Hort adamantly maintained that the concurrence of all five points was essential to the establishment of an Alexandrian- preference theory. His modern successors have retreated from all these points into a position which in essence favors only the external age of documents, their particular texttype, and/or the internal quality of the readings they contain. Unlike Hort, how ever, the modern critics fail to offer a systematic theory which satisfactorily explains the phenomenon of the Byzantine Textform. Hort at least postulated a deliberate authorized revision as a possible explanation for the later Byzantine predominance. Yet today, the supposed rise and overwhelming dominance of the Byzantine Textform out of the presumed primordial Western and Alexandrian texttypes is accounted for merely as the result of a lengthy, vague "process." But, as Hodges has cogently pointed out,
No one has yet explained how a long, slow process spread out over many centuries as well as over a wide geographical area, and involving a multitude of copyists, who often knew nothing of the state of the text outside of their own monasteries or scriptoria, could achieve this widespread uniformity out of the diversity presented by the earlier [Western and Alexandrian] forms of text. . . . An unguided process achieving relative stability and uniformity in the diversified textual, historical, and cultural circumstances in which the New Testament was copied, imposes impossible strains on our imagination. [13]
This consideration should again force the scholars who forsake Hort to do as Colwell suggested; namely, to come up with a better reconstruction of the history of the transmission of the New Testament text which offers a credible explanation for the utter dominance of the Byzantine/Majority Textform. [14] A "process" view is not necessarily wrong [15] - only the insistence that the process begin with the Alexandrian and Western texttypes rather than the Byzantine Textform. In light of the preceding discussion, it would appear that "process" advocates are forced to return to Hort's initial presumption, and acknowledge that the Byzantine/Majority Textform indeed has a strong (if not the best) claim to reflect the original text.

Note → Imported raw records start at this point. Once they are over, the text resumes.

(* Let $m\ge1$ be an integer, $\beta\in\mathbb R$, and let $T>0$ and $f:[-T,T]\to\mathbb R$ be the unique pair with $f''=-f^3+\beta f$, $f(\pm T)=0$, $f'(\pm T)=\mp m$, $f>0$ on $(-T,T)$. Define $k>0$ by $k^2=\tfrac12\bigl(1+\beta/\sqrt{2m^2+\beta^2}\bigr)$ and $K(k)=\int_0^1\frac{dx}{\sqrt{1-x^2}\sqrt{1-k^2x^2}}$. Then $$T=\frac{K(k)}{\sqrt[4]{2m^2+\beta^2}},\qquad \int_{-T}^Tf\,dt=2\sqrt2\arcsin(k),\qquad \int_{-T}^Tf^3\,dt=2\beta\sqrt2\arcsin(k)+2m,$$ $$\int_{-T}^Tf^5\,dt=(2m^2+3\beta^2)\sqrt2\arcsin(k)+3m\beta .$$ *)

theory Defs
  imports "HOL-Analysis.Analysis"
begin

definition ellK :: "real \<Rightarrow> real" where
  "ellK k = integral {0..1} (\<lambda>x. 1 / (sqrt (1 - x\<^sup>2) * sqrt (1 - k\<^sup>2 * x\<^sup>2)))"

end

theory Submission
  imports Defs
begin

text \<open>
  Conservation of the energy \<open>f'\<^sup>2/2 + f\<^sup>4/4 - \<beta> f\<^sup>2/2\<close>, evaluated at \<open>t = T\<close>, gives
  \<open>2 f'\<^sup>2 = (c\<^sup>2 - f\<^sup>2)(f\<^sup>2 + b)\<close> with \<open>s = \<surd>(2m\<^sup>2 + \<beta>\<^sup>2)\<close>, \<open>c\<^sup>2 = s + \<beta>\<close> and
  \<open>b = s - \<beta>\<close>. On this energy level two explicit functions of \<open>(f, f')\<close> differentiate to
  something useful. First, \<open>2 arctan (\<surd>2 f' / (f\<^sup>2 + b))\<close> has derivative \<open>-\<surd>2 f\<close>, which
  gives \<open>\<integral>f\<close>. Second, the Jacobi amplitude \<open>\<phi> = arcsin (-\<surd>2 f' / (c \<surd>(f\<^sup>2 + b)))\<close>
  runs from \<open>-\<pi>/2\<close> to \<open>\<pi>/2\<close> with \<open>\<phi>' = \<surd>((f\<^sup>2 + b)/2) = \<surd>s \<surd>(1 - k\<^sup>2 sin\<^sup>2 \<phi>)\<close>,
  so substituting \<open>\<phi>\<close> for \<open>t\<close> turns \<open>2T \<surd>s\<close> into \<open>2 K(k)\<close>. The integrals of
  \<open>f\<^sup>3\<close> and \<open>f\<^sup>5\<close> then follow from the ODE, since \<open>f''\<close> and \<open>(f\<^sup>2 f')'\<close> are
  polynomials in \<open>f\<close> on the energy level.
\<close>

lemma duffing_energy_constant:
  fixes f f' :: "real \<Rightarrow> real" and S :: "real set"
  assumes "convex S"
    and d1: "\<And>t. t \<in> S \<Longrightarrow> (f has_real_derivative f' t) (at t within S)"
    and d2: "\<And>t. t \<in> S \<Longrightarrow> (f' has_real_derivative \<beta> * f t - f t ^ 3) (at t within S)"
    and "t \<in> S" "u \<in> S"
  shows "(f' t)\<^sup>2 / 2 + (f t) ^ 4 / 4 - \<beta> * (f t)\<^sup>2 / 2
       = (f' u)\<^sup>2 / 2 + (f u) ^ 4 / 4 - \<beta> * (f u)\<^sup>2 / 2"
proof -
  define E where "E t = (f' t)\<^sup>2 / 2 + (f t) ^ 4 / 4 - \<beta> * (f t)\<^sup>2 / 2" for t
  have "\<exists>c. \<forall>t\<in>S. E t = c"
  proof (rule has_field_derivative_zero_constant[OF \<open>convex S\<close>])
    fix t assume t: "t \<in> S"
    have "(E has_real_derivative
        f' t * (\<beta> * f t - f t ^ 3) + f t ^ 3 * f' t - \<beta> * f t * f' t) (at t within S)"
      unfolding E_def
      by (auto intro!: derivative_eq_intros d1[OF t] d2[OF t]
               simp: field_simps power2_eq_square power3_eq_cube)
    then show "(E has_real_derivative 0) (at t within S)"
      by (simp add: algebra_simps)
  qed
  then show ?thesis using assms(4,5) unfolding E_def by force
qed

Addressing Current Objections To Byzantine Priority
No one should deny that a case for the Byzantine Textform can be strongly advocated. Nevertheless, certain objections are urged by those who oppose this Textform, and some of these need to be briefly addressed.
No Early Byzantine Manuscripts
The most common criticism concerns the fact that there are in existence no manuscripts of the Byzantine Textform earlier than AD 350. At first glance, this appears to be a formidable objection, and indeed unanswerable in view of the absence of the hard data required for refutation. A defense which provides sound reasons for this situation, however, can be effectively made.
First of all, the extant early manuscript evidence we possess all apparently stems from the Egyptian region, and reflects the mixed types of text prevalent in that area during the second century. Indeed, had it not been for the fortuitous discovery of P75 (ca. AD 175) in 1955, we today would have no certain evidence that manuscripts which were predominantly Alexandrian in character predated the great uncial codices Vaticanus and Sinaiticus (ca. AD 350) -only a hypothesis. That hypothesis would be called into serious question by the remaining papyri, each of which possesses a good degree of "mixture" between Alexandrian and Western readings (with some "distinctively Byzantine" readings thrown in for good measure). Any bold assertion that the point is settled, since no predominantly Byzantine manuscripts of the second century have yet been recovered, certainly seems to beg the question from an argument c silenilo (based on silence).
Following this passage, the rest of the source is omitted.